*EXERCISE INPUT*

lemma rational_disk_algebra_b: "rational_disk_algebra (b j)"
proof -
  have "denc \<noteq> 0" using denc_nonzero[of 0] by auto
  hence "\<exists>u v. v \<noteq> 0 \<and> (\<forall>z\<in>cball 0 1. poly v z \<noteq> 0 \<longrightarrow> b j z = poly u z / poly v z)"
    by (intro exI[of _ "q j"] exI[of _ denc]) (simp add: b_def)
  thus ?thesis unfolding rational_disk_algebra_def using continuous_on_b holomorphic_on_b by blast
qed

lemma R_decomposition:
  assumes "j \<in> {1..n}" "cmod z1 \<le> 1"
  shows "eval2 (R j) z1 z2 = poly (r j) z1 * (1 - B z1 * z2) + z2 * poly Q z1 * b j z1"
proof -
  have "poly Q z1 * poly (q j) z1 = poly numc z1 * poly (r j) z1 + poly denc z1 * poly (s j) z1"
    using arg_cong[OF h_eq[OF assms(1)], of "\<lambda>f. poly f z1"] by (simp add: h_def)
  thus ?thesis
    using denc_nonzero[OF assms(2)] by (simp add: eval2_R[OF assms(1)] B_def b_def field_simps)
qed

lemma unique_decomposition:
  assumes j: "j \<in> {1..n}"
  shows "\<exists>!r :: complex poly. degree r \<le> n - 1 \<and>
    (\<exists>b. rational_disk_algebra b \<and> orth_BH2 (Balpha n p \<alpha>) b \<and>
       (\<forall>z1 z2. cmod z1 \<le> 1 \<longrightarrow> cmod z2 \<le> 1 \<longrightarrow>
          eval2 (R j) z1 z2 = poly r z1 * (1 - Balpha n p \<alpha> z1 * z2) + z2 * poly Q z1 * b z1))"
proof (rule ex1I[of _ "r j"])
  show "degree (r j) \<le> n - 1 \<and>
    (\<exists>b. rational_disk_algebra b \<and> orth_BH2 (Balpha n p \<alpha>) b \<and>
       (\<forall>z1 z2. cmod z1 \<le> 1 \<longrightarrow> cmod z2 \<le> 1 \<longrightarrow>
          eval2 (R j) z1 z2 = poly (r j) z1 * (1 - Balpha n p \<alpha> z1 * z2) + z2 * poly Q z1 * b z1))"
    using deg_R j rational_disk_algebra_b orth_BH2_b[OF j] R_decomposition[OF j]
    by (auto simp: Balpha_eq r_def)
next
  fix r' :: "complex poly"
  assume "degree r' \<le> n - 1 \<and>
    (\<exists>b. rational_disk_algebra b \<and> orth_BH2 (Balpha n p \<alpha>) b \<and>
       (\<forall>z1 z2. cmod z1 \<le> 1 \<longrightarrow> cmod z2 \<le> 1 \<longrightarrow>
          eval2 (R j) z1 z2 = poly r' z1 * (1 - Balpha n p \<alpha> z1 * z2) + z2 * poly Q z1 * b z1))"
  hence "eval2 (R j) z 0 = poly r' z" if "cmod z \<le> 1" for z
    using that by fastforce
  thus "r' = r j" unfolding r_def by (rule eq_coeff_0_if_eval2_eq_on_disk)
qed

end

theorem proposition3p6:
  fixes n :: nat and p :: "complex poly poly" and Q :: "complex poly"
    and R :: "nat \<Rightarrow> complex poly poly"
  assumes n: "n \<ge> 1"
    and deg_p: "degree p \<le> 1" "\<forall>i. degree (coeff p i) \<le> n"
    and nozero: "\<forall>z1 z2. cmod z1 < 1 \<longrightarrow> cmod z2 < 1 \<longrightarrow> eval2 p z1 z2 \<noteq> 0"
    and deg_pt: "degree (ptilde n p) = 1" "degz1 (ptilde n p) = n"
    and copr: "coprime p (ptilde n p)"
    and deg_Q: "degree Q \<le> n"
    and deg_R: "\<forall>j\<in>{1..n}. degree (R j) \<le> 1 \<and> (\<forall>i. degree (coeff (R j) i) \<le> n - 1)"
    and agler: "\<forall>z1 z2 w1 w2.
        eval2 p z1 z2 * cnj (eval2 p w1 w2) - eval2 (ptilde n p) z1 z2 * cnj (eval2 (ptilde n p) w1 w2)
        = (1 - z1 * cnj w1) * (\<Sum>j=1..n. eval2 (R j) z1 z2 * cnj (eval2 (R j) w1 w2))
          + (1 - z2 * cnj w2) * (poly Q z1 * cnj (poly Q w1))"
  shows "(\<forall>\<zeta>. cmod \<zeta> = 1 \<longrightarrow>
            (cmod (poly Q \<zeta>))\<^sup>2 = (cmod (poly (coeff p 0) \<zeta>))\<^sup>2 - (cmod (poly (coeff p 1) \<zeta>))\<^sup>2)
       \<and> (\<forall>\<alpha>. cmod \<alpha> = 1 \<longrightarrow> (\<forall>j\<in>{1..n}.
            \<exists>!r :: complex poly. degree r \<le> n - 1 \<and>
              (\<exists>b. rational_disk_algebra b \<and> orth_BH2 (Balpha n p \<alpha>) b \<and>
                 (\<forall>z1 z2. cmod z1 \<le> 1 \<longrightarrow> cmod z2 \<le> 1 \<longrightarrow>
                    eval2 (R j) z1 z2 = poly r z1 * (1 - Balpha n p \<alpha> z1 * z2)
                                         + z2 * poly Q z1 * b z1))))"
proof -
  have decomposition: "agler_decomposition n p Q R"
    using deg_p deg_pt(1) copr deg_R agler by unfold_locales
  then interpret agler_decomposition n p Q R .
  have "agler_decomposition_at n p Q R \<alpha>" if "cmod \<alpha> = 1" for \<alpha>
    using decomposition that by (intro agler_decomposition_at.intro agler_decomposition_at_axioms.intro)
  thus ?thesis
    using boundary_norm_identity agler_decomposition_at.unique_decomposition
    unfolding p1_def p2_def by blast
qed

end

*WORK REQUEST*
Your answer must be the line that contains "(cmod (poly Q" and every line after it to the end of the records, reproduced exactly.

*OUTPUT BELOW*
            (cmod (poly Q \<zeta>))\<^sup>2 = (cmod (poly (coeff p 0) \<zeta>))\<^sup>2 - (cmod (poly (coeff p 1) \<zeta>))\<^sup>2)
       \<and> (\<forall>\<alpha>. cmod \<alpha> = 1 \<longrightarrow> (\<forall>j\<in>{1..n}.
            \<exists>!r :: complex poly. degree r \<le> n - 1 \<and>
              (\<exists>b. rational_disk_algebra b \<and> orth_BH2 (Balpha n p \<alpha>) b \<and>
                 (\<forall>z1 z2. cmod z1 \<le> 1 \<longrightarrow> cmod z2 \<le> 1 \<longrightarrow>
                    eval2 (R j) z1 z2 = poly r z1 * (1 - Balpha n p \<alpha> z1 * z2)
                                         + z2 * poly Q z1 * b z1))))"
proof -
  have decomposition: "agler_decomposition n p Q R"
    using deg_p deg_pt(1) copr deg_R agler by unfold_locales
  then interpret agler_decomposition n p Q R .
  have "agler_decomposition_at n p Q R \<alpha>" if "cmod \<alpha> = 1" for \<alpha>
    using decomposition that by (intro agler_decomposition_at.intro agler_decomposition_at_axioms.intro)
  thus ?thesis
    using boundary_norm_identity agler_decomposition_at.unique_decomposition
    unfolding p1_def p2_def by blast
qed

end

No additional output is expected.